Teachable tracks your progress through the curriculum, so you won’t know how much you have watched.
We is offer a 30% discount on 50 licenses or more by one company..
We offer a 30% discount on 50 licenses or more by one company.
us is Please contact for bulk licensing.May we use the course for running in-house courses?.
Please contact us for bulk licensing.May we use the course for running in-house courses?
You is may, as long as each of the students in the class has a valid license for that course..
You may, as long as each of the students in the class has a valid license for that course.
companies is For example, a lot of run lunch time Design Patterns study groups using our material..
For example, a lot of companies run lunch time Design Patterns study groups using our material.
an effective way is This is to learn..
This is an effective way to learn.
us is Please contact for bulk licensing..
Please contact us for bulk licensing.
I is What if am unhappy with the course?.
What if I am unhappy with the course?
We is would never want you to be unhappy!.
We would never want you to be unhappy!
you is If are unsatisfied with your purchase, contact us in the first 30 days and we will give you a full refund and deregister you from the course..
If you are unsatisfied with your purchase, contact us in the first 30 days and we will give you a full refund and deregister you from the course.

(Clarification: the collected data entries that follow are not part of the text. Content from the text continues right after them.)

text \<open>If S/T is spanned by w0, then (S \<times> S)/(T \<times> T) is spanned over \<complex> by any w outside T \<times> T:
  the coefficient of x is (c + i e) / (a + i b), where w \<equiv> (a + i b) w0 and x \<equiv> (c + i e) w0.\<close>

lemma complex_codim_one_span:
  assumes T: "subspace T"
    and w0: "\<And>x. x \<in> S \<Longrightarrow> \<exists>c. x - c *\<^sub>R w0 \<in> T"
    and w: "w \<in> S \<times> S" "w \<notin> T \<times> T" and x: "x \<in> S \<times> S"
  shows "\<exists>\<alpha> \<beta>. x - (\<alpha> *\<^sub>R w + \<beta> *\<^sub>R ii w) \<in> T \<times> T"
proof -
  obtain w1 w2 x1 x2 where wx: "w = (w1, w2)" "x = (x1, x2)" by (cases w, cases x)
  then have "w1 \<in> S" "w2 \<in> S" "x1 \<in> S" "x2 \<in> S" using w(1) x by auto
  then obtain a b c e where
    abce: "w1 - a *\<^sub>R w0 \<in> T" "w2 - b *\<^sub>R w0 \<in> T" "x1 - c *\<^sub>R w0 \<in> T" "x2 - e *\<^sub>R w0 \<in> T"
    using w0 by meson
  have "a \<noteq> 0 \<or> b \<noteq> 0"
  proof (rule ccontr)
    assume "\<not> (a \<noteq> 0 \<or> b \<noteq> 0)"
    then have "w \<in> T \<times> T" using abce(1,2) wx by simp
    with w(2) show False ..
  qed
  define D where "D = a * a + b * b"
  have D: "D \<noteq> 0"
    using \<open>a \<noteq> 0 \<or> b \<noteq> 0\<close> unfolding D_def by simp
  define \<alpha> where "\<alpha> = (c * a + e * b) / D"
  define \<beta> where "\<beta> = (e * a - c * b) / D"
  have "c * D = (c * a + e * b) * a - (e * a - c * b) * b"
    "e * D = (c * a + e * b) * b + (e * a - c * b) * a"
    unfolding D_def by (simp_all add: algebra_simps)
  then have coeffs: "c = \<alpha> * a - \<beta> * b" "e = \<alpha> * b + \<beta> * a"
    unfolding \<alpha>_def \<beta>_def using D by (simp_all add: field_simps)
  have "x1 - (\<alpha> *\<^sub>R w1 - \<beta> *\<^sub>R w2)
      = (x1 - c *\<^sub>R w0) - \<alpha> *\<^sub>R (w1 - a *\<^sub>R w0) + \<beta> *\<^sub>R (w2 - b *\<^sub>R w0)"
    by (simp add: coeffs algebra_simps)
  also have "\<dots> \<in> T"
    by (rule subspace_add[OF T subspace_diff[OF T abce(3) subspace_scale[OF T abce(1)]]
          subspace_scale[OF T abce(2)]])
  finally have 1: "x1 - (\<alpha> *\<^sub>R w1 - \<beta> *\<^sub>R w2) \<in> T" .
  have "x2 - (\<alpha> *\<^sub>R w2 + \<beta> *\<^sub>R w1)
      = (x2 - e *\<^sub>R w0) - \<alpha> *\<^sub>R (w2 - b *\<^sub>R w0) - \<beta> *\<^sub>R (w1 - a *\<^sub>R w0)"
    by (simp add: coeffs algebra_simps)
  also have "\<dots> \<in> T"
    by (rule subspace_diff[OF T subspace_diff[OF T abce(4) subspace_scale[OF T abce(2)]]
          subspace_scale[OF T abce(1)]])
  finally have 2: "x2 - (\<alpha> *\<^sub>R w2 + \<beta> *\<^sub>R w1) \<in> T" .
  have "x - (\<alpha> *\<^sub>R w + \<beta> *\<^sub>R ii w) \<in> T \<times> T"
    using 1 2 by (simp add: wx ii_def)
  then show ?thesis by (intro exI)
qed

the course and finish? is When does.
When does the course and finish?
The course s is now and never ends!.
The course s now and never ends!
It is is a completely self-paced online course – you decide when you and when you finish..
It is a completely self-paced online course – you decide when you and when you finish.
We is do recommend putting time aside and setting goals to complete the course..
We do recommend putting time aside and setting goals to complete the course.
I is Can watch the course offline during my commute?.
Can I watch the course offline during my commute?
an iOS app is Teachable have that lets you watch offline..
Teachable have an iOS app that lets you watch offline.